I am a bit confused/concerned about a few things though:
  • My reading of the label (not enough resolution though) tells me that only the bottom six positions are allowed to have tandem (or rather 1/2 inch?) breakers installed. The upper leftmost breaker looks like a twin. Who makes that and what is it labeled? Did someone defeat the interlock mechanism to keep tandems out of regular positions? I am guessing this is NOT a GE breaker?
  • It is interesting that there looks to be a 1" wide tandem breaker in the bottom right from Eaton. It is questionable to see other vendors breakers in a GE panel unless they have been cross rated for use in that panel (Eaton does to this in many cases, but I don't see them on the list as being replacements
  • You also appear to have some Bryant breakers in here. I doubt these are cross rated for use in this panel (though I might be wrong)
  • My math tells me there should be a way to free up four 1" breaker positions which means you are good for 2x 240v breakers to be added to the panel (this even assumes you move that tandem breaker at the top down to a slot it is actually rated to go in). This though only gets you one EVSE and one AC unit, not two.
 
Now that I am home on my laptop and I was able to carefully inspect the pictures you posted, it looks to me like this may be your panel (would still be good to have higher resolution pictures):
GE PowerMark Gold 150 AMP 24-Space 30-Circuit Indoor Main Lug Circuit Breaker Panel-TLM2415CCU - The Home Depot

It is a modern panel and appears to be still sold. Getting breakers should be trivial.

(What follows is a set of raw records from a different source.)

definition conj_part :: "nat list \<Rightarrow> nat list" where
  "conj_part lam = map (\<lambda>j. length (filter (\<lambda>x. j \<le> x) lam)) [1..<Suc (foldr max lam 0)]"

definition self_conj :: "nat list \<Rightarrow> bool" where
  "self_conj lam \<longleftrightarrow> conj_part lam = lam"

definition cells :: "nat list \<Rightarrow> (nat \<times> nat) set" where
  "cells lam = {(i, j). 1 \<le> i \<and> i \<le> length lam \<and> 1 \<le> j \<and> j \<le> lam ! (i - 1)}"

text \<open>Hook length: arm (cells to the right) + leg (cells below) + 1.\<close>
definition hook :: "nat list \<Rightarrow> nat \<Rightarrow> nat \<Rightarrow> nat" where
  "hook lam i j = (lam ! (i - 1) - j) + (conj_part lam ! (j - 1) - i) + 1"

definition n_hook :: "nat \<Rightarrow> nat list \<Rightarrow> nat" where
  "n_hook t lam = card {c \<in> cells lam. hook lam (fst c) (snd c) = t}"

definition a_star :: "nat \<Rightarrow> nat \<Rightarrow> nat" where
  "a_star t n = (\<Sum>lam \<in> {lam. partition_of lam n \<and> self_conj lam}. n_hook t lam)"

definition sc :: "int \<Rightarrow> nat" where
  "sc m = (if m < 0 then 0 else card {lam. partition_of lam (nat m) \<and> self_conj lam})"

I am a bit confused/concerned about a few things though:
  • My reading of the label (not enough resolution though) tells me that only the bottom six positions are allowed to have tandem (or rather 1/2 inch?) breakers installed. The upper leftmost breaker looks like a twin. Who makes that and what is it labeled? Did someone defeat the interlock mechanism to keep tandems out of regular positions? I am guessing this is NOT a GE breaker?
  • It is interesting that there looks to be a 1" wide tandem breaker in the bottom right from Eaton. It is questionable to see other vendors breakers in a GE panel unless they have been cross rated for use in that panel (Eaton does to this in many cases, but I don't see them on the list as being replacements
  • You also appear to have some Bryant breakers in here. I doubt these are cross rated for use in this panel (though I might be wrong)
  • My math tells me there should be a way to free up four 1" breaker positions which means you are good for 2x 240v breakers to be added to the panel (this even assumes you move that tandem breaker at the top down to a slot it is actually rated to go in). This though only gets you one EVSE and one AC unit, not two.

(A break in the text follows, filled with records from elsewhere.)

(* Let $\mathbf{c}=\mathbf{a}+\mathbf{b}$. For every homogeneous polynomial $w\in\mathbb{Z}\langle \mathbf{a},\mathbf{b}\rangle$ of degree $n$ the following identities hold in $\mathbb{Z}[q]$: \begin{align*} \Theta(w\cdot \mathbf{c}) &= (1+q^{n+1})\cdot\Theta(w),\\ \Theta(G(w)) &= q\cdot [n]\cdot \Theta(w),\\ \Theta(\mathrm{Pyr}(w)) &= [n+2]\cdot\Theta(w),\\ \Theta(\mathrm{Bipyr}(w)) &= [2]\cdot[n+1]\cdot\Theta(w). \end{align*}
   Context: $\mathbb{Z}\langle \mathbf{a},\mathbf{b}\rangle$ is the ring of polynomials in the non-commuting variables $\mathbf{a},\mathbf{b}$. The Major MacMahon map $\Theta:\mathbb{Z}\langle \mathbf{a},\mathbf{b}\rangle\to\mathbb{Z}[q]$ is the $\mathbb{Z}$-linear map defined on monomials $w=u_1u_2\cdots u_n$ (each $u_i\in\{\mathbf{a},\mathbf{b}\}$) by $\Theta(w)=\prod_{i:\,u_i=\mathbf{b}} q^{i}$ (so $\Theta(1)=1$). For $m\ge 0$, $[m]=1+q+\cdots+q^{m-1}$ (so $[0]=0$). $G$ and $D$ are the derivations of $\mathbb{Z}\langle \mathbf{a},\mathbf{b}\rangle$ (linear maps satisfying $X(uv)=X(u)v+uX(v)$) determined by $G(\mathbf{a})=\mathbf{b}\mathbf{a}$, $G(\mathbf{b})=\mathbf{a}\mathbf{b}$, $D(\mathbf{a})=D(\mathbf{b})=\mathbf{a}\mathbf{b}+\mathbf{b}\mathbf{a}$, and $G(1)=D(1)=0$. The pyramid and bipyramid operators are the linear maps $\mathrm{Pyr}(w)=G(w)+w\cdot\mathbf{c}$ and $\mathrm{Bipyr}(w)=D(w)+\mathbf{c}\cdot w$. *)

theory Defs
  imports "HOL-Library.Poly_Mapping" "HOL-Computational_Algebra.Polynomial"
begin

text \<open>Words in the letters a, b are encoded as bool lists: False = a, True = b.
Elements of Z<a,b> are finitely supported integer combinations of words.\<close>

type_synonym ncword = "bool list"
type_synonym ncpoly = "ncword \<Rightarrow>\<^sub>0 int"

definition ncA :: ncpoly where "ncA = frag_of [False]"
definition ncB :: ncpoly where "ncB = frag_of [True]"
definition ncC :: ncpoly where "ncC = ncA + ncB"

definition ncmult :: "ncpoly \<Rightarrow> ncpoly \<Rightarrow> ncpoly" where
  "ncmult p r = frag_extend (\<lambda>u. frag_extend (\<lambda>v. frag_of (u @ v)) r) p"

definition homogeneous :: "nat \<Rightarrow> ncpoly \<Rightarrow> bool" where
  "homogeneous n p \<longleftrightarrow> (\<forall>u\<in>Poly_Mapping.keys p. length u = n)"

definition theta_word :: "ncword \<Rightarrow> int poly" where
  "theta_word u = monom 1 (\<Sum>i\<in>{i. i < length u \<and> u ! i}. Suc i)"

definition Theta :: "ncpoly \<Rightarrow> int poly" where
  "Theta p = (\<Sum>u\<in>Poly_Mapping.keys p. smult (Poly_Mapping.lookup p u) (theta_word u))"

definition qint :: "nat \<Rightarrow> int poly" where
  "qint m = (\<Sum>k<m. monom 1 k)"

definition G_word :: "ncword \<Rightarrow> ncpoly" where
  "G_word u = (\<Sum>i<length u. frag_of (take i u @ (if u ! i then [False, True] else [True, False]) @ drop (Suc i) u))"

definition D_word :: "ncword \<Rightarrow> ncpoly" where
  "D_word u = (\<Sum>i<length u. frag_of (take i u @ [False, True] @ drop (Suc i) u)
                          + frag_of (take i u @ [True, False] @ drop (Suc i) u))"

definition ncG :: "ncpoly \<Rightarrow> ncpoly" where "ncG = frag_extend G_word"
definition ncD :: "ncpoly \<Rightarrow> ncpoly" where "ncD = frag_extend D_word"

definition Pyr :: "ncpoly \<Rightarrow> ncpoly" where "Pyr w = ncG w + ncmult w ncC"
definition Bipyr :: "ncpoly \<Rightarrow> ncpoly" where "Bipyr w = ncD w + ncmult ncC w"

end

theory Submission
  imports Defs
begin

text \<open>All operators involved are linear, as is \<open>\<Theta>\<close>, so it suffices to treat a single word \<open>u\<close>.
  Appending a letter to a word of length \<open>m\<close> multiplies its weight by \<open>1\<close> or \<open>q\<^sup>m\<^sup>+\<^sup>1\<close>,
  independently of the word itself. Hence, inducting on \<open>u\<close> from the right, the terms of
  \<open>G(ux)\<close> resp. \<open>Bipyr(ux)\<close> that leave the last letter alone contribute \<open>\<Theta>(G u)\<close> resp.
  \<open>\<Theta>(Bipyr u)\<close> times that common factor, while the terms expanding the last letter contribute
  an explicit multiple of \<open>\<Theta>(u)\<close>; the resulting recurrences are those of the \<open>q\<close>-integers.\<close>

abbreviation qX :: "int poly" where "qX \<equiv> [:0, 1:]"

lemma monom_one_eq_qX_power: "monom (1::int) k = qX ^ k"
  by (simp add: monom_altdef)

lemma qint_0 [simp]: "qint 0 = 0"
  by (simp add: qint_def)

lemma qint_Suc: "qint (Suc m) = qint m + qX ^ m"
  by (simp add: qint_def monom_one_eq_qX_power)

lemma qint_Suc_shift: "qint (Suc m) = 1 + qX * qint m"
proof (induction m)
  case 0
  then show ?case by (simp add: qint_def)
next
  case (Suc m)
  have "qint (Suc (Suc m)) = 1 + qX * (qint m + qX ^ m)"
    using Suc by (simp only: qint_Suc[of "Suc m"]) (simp add: algebra_simps)
  then show ?case by (simp only: qint_Suc[of m])
qed

lemma qint_2: "qint 2 = 1 + qX"
  by (simp add: qint_def numeral_2_eq_2 monom_one_eq_qX_power)

lemma Theta_eq_sum_superset:
  assumes "finite S" "Poly_Mapping.keys p \<subseteq> S"
  shows "Theta p = (\<Sum>u\<in>S. smult (Poly_Mapping.lookup p u) (theta_word u))"
  unfolding Theta_def
  by (rule sum.mono_neutral_left) (use assms in \<open>auto simp: in_keys_iff\<close>)

lemma Theta_0 [simp]: "Theta 0 = 0"
  by (simp add: Theta_def)

lemma Theta_frag_of [simp]: "Theta (frag_of u) = theta_word u"
  by (simp add: Theta_def keys_frag_of)

lemma Theta_add [simp]: "Theta (a + b) = Theta a + Theta b"
proof -
  let ?S = "Poly_Mapping.keys a \<union> Poly_Mapping.keys b"
  have "Theta (a + b) = (\<Sum>u\<in>?S. smult (Poly_Mapping.lookup (a + b) u) (theta_word u))"
    by (rule Theta_eq_sum_superset) (simp_all add: keys_add)
  also have "\<dots> = (\<Sum>u\<in>?S. smult (Poly_Mapping.lookup a u) (theta_word u))
                 + (\<Sum>u\<in>?S. smult (Poly_Mapping.lookup b u) (theta_word u))"
    by (simp add: lookup_add smult_add_left sum.distrib)
  also have "\<dots> = Theta a + Theta b"
    by (simp add: Theta_eq_sum_superset[of ?S])
  finally show ?thesis .
qed

lemma Theta_diff [simp]: "Theta (a - b) = Theta a - Theta b"
  by (metis Theta_add diff_add_cancel eq_diff_eq)

lemma Theta_sum [simp]: "finite I \<Longrightarrow> Theta (\<Sum>i\<in>I. f i) = (\<Sum>i\<in>I. Theta (f i))"
  by (induction I rule: finite_induct) simp_all

lemma Theta_frag_extend_homogeneous:
  assumes "homogeneous n w"
    and word: "\<And>u. length u = n \<Longrightarrow> Theta (f u) = P * theta_word u"
  shows "Theta (frag_extend f w) = P * Theta w"
proof -
  have "Poly_Mapping.keys w \<subseteq> {u. length u = n}"
    using assms(1) by (auto simp: homogeneous_def)
  then show ?thesis
  proof (induction w rule: frag_induction)
    case (diff a b)
    then show ?case by (simp add: frag_extend_diff algebra_simps)
  qed (simp_all add: word)
qed

lemma frag_extend_plus:
  "frag_extend (\<lambda>u. f u + g u) w = frag_extend f w + frag_extend g w"
  by (simp add: frag_extend_def frag_cmul_distrib2 sum.distrib)

lemma ncmult_eq_frag_extend: "ncmult w r = frag_extend (\<lambda>u. ncmult (frag_of u) r) w"
  by (simp add: ncmult_def)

Thanks for the follow up --- I went ahead and uploaded a closer view of the panel labels/breakers- Electrical panels -

To follow up on your points----

1) You bring up an interesting point about the tandem breaker on the upper left. I will wait for the next electrician to come and ask them to see. I do want to bring your attention to the BOTTOM RIGHT tandem that is in there right now --- When the electrician took it out, he told me that the back of the break was "cut" to make it fit. It all sounds so shady with the current arrangement, am I better off to have the electrician replace all breakers to the appropriate ones? Esp after reading that label able using only correct breakers for the panel on the label itself..

2) Is it better to add a sub panel or increase the size of the panel? Considering your last point, it is very likely I will need a minimum of 2 condensers for my AC. Also, not sure if this matter, per the electrician who looked at the condenser connections -- he told me that the connections are 110V. Does that change anything?